Dataset entries:
=== Begin Enclosure ===
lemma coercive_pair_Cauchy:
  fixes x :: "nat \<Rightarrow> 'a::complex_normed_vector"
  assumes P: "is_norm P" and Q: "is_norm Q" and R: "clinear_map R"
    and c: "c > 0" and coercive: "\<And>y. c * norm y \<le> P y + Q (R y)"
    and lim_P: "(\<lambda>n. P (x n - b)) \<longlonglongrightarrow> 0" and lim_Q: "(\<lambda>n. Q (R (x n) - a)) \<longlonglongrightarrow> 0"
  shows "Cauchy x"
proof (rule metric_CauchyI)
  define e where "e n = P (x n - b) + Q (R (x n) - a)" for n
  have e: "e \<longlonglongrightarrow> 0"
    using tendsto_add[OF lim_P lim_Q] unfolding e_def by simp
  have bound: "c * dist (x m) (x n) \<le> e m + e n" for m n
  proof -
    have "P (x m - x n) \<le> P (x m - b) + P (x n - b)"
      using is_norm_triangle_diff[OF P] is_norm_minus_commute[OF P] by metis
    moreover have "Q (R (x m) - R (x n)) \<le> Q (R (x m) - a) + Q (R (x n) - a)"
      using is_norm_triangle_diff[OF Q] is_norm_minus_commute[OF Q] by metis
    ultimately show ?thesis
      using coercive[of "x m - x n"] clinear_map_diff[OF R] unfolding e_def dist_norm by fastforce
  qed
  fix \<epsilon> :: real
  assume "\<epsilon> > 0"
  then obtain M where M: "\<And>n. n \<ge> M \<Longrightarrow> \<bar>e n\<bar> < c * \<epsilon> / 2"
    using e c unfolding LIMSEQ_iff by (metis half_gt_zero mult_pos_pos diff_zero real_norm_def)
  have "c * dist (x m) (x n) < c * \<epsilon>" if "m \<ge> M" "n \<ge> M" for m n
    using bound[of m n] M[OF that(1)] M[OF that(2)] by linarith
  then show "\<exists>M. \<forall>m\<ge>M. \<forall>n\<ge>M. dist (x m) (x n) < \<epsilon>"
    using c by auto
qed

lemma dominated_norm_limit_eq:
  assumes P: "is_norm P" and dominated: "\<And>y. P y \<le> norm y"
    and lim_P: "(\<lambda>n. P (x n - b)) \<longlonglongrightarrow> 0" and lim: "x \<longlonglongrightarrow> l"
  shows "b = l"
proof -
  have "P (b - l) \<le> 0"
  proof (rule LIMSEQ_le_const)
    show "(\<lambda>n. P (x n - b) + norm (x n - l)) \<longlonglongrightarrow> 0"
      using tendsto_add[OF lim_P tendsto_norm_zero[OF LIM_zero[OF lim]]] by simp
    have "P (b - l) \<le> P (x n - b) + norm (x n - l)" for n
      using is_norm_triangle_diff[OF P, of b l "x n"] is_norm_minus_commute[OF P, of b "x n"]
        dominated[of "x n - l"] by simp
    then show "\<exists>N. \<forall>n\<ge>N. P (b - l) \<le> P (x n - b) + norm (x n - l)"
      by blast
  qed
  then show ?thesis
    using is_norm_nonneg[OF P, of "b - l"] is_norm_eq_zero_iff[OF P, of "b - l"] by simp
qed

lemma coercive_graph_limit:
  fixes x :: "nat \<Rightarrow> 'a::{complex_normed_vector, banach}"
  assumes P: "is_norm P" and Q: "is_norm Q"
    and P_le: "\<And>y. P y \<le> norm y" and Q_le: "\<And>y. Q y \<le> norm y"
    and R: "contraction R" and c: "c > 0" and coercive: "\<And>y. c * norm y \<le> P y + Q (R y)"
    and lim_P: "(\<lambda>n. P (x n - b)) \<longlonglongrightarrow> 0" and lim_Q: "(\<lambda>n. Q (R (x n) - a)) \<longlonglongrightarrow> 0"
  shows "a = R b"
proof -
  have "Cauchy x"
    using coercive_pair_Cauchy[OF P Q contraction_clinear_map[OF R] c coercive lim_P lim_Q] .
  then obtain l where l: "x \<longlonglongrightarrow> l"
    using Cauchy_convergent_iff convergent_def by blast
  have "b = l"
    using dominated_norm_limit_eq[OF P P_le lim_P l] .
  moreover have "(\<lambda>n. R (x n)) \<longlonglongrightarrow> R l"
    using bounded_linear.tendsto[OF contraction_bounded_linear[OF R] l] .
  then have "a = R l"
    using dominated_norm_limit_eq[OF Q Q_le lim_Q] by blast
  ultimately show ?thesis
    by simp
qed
=== End Enclosure ===
=== Begin Enclosure ===
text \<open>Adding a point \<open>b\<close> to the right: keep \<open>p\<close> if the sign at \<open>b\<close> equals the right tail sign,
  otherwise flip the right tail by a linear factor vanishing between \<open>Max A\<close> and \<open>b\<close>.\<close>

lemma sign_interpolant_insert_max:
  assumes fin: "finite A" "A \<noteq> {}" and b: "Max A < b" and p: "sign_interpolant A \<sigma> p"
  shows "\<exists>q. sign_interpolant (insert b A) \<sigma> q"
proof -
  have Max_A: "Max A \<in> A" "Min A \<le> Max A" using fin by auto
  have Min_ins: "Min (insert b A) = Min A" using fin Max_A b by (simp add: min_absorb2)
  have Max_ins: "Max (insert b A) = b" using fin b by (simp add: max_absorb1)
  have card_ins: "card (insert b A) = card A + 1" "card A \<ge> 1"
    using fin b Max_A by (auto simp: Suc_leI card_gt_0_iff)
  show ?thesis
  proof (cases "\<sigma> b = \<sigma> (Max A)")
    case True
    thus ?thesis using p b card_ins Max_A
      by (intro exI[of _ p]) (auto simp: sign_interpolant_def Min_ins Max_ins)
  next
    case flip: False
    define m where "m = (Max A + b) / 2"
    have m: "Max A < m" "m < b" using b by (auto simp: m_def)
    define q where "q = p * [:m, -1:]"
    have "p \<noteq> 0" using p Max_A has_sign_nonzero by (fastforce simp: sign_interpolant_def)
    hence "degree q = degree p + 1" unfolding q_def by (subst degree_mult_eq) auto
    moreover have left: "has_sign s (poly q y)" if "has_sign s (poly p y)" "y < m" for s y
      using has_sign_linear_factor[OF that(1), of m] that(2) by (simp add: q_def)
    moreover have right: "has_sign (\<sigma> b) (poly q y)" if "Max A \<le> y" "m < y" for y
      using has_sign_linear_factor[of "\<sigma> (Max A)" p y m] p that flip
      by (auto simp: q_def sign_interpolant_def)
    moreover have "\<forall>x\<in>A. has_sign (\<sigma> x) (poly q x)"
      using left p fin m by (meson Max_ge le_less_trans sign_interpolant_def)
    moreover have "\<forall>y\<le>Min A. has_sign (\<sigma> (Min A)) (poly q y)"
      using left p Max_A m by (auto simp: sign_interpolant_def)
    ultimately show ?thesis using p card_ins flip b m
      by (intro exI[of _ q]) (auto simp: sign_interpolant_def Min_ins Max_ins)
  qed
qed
=== End Enclosure ===
» Exercise:
In the records above, find the line with "R (x n)) \<le>"; write out exactly that line and each one after it, stopping after the line with "then obtain M".

» Answer space:
    moreover have "Q (R (x m) - R (x n)) \<le> Q (R (x m) - a) + Q (R (x n) - a)"
      using is_norm_triangle_diff[OF Q] is_norm_minus_commute[OF Q] by metis
    ultimately show ?thesis
      using coercive[of "x m - x n"] clinear_map_diff[OF R] unfolding e_def dist_norm by fastforce
  qed
  fix \<epsilon> :: real
  assume "\<epsilon> > 0"
  then obtain M where M: "\<And>n. n \<ge> M \<Longrightarrow> \<bar>e n\<bar> < c * \<epsilon> / 2"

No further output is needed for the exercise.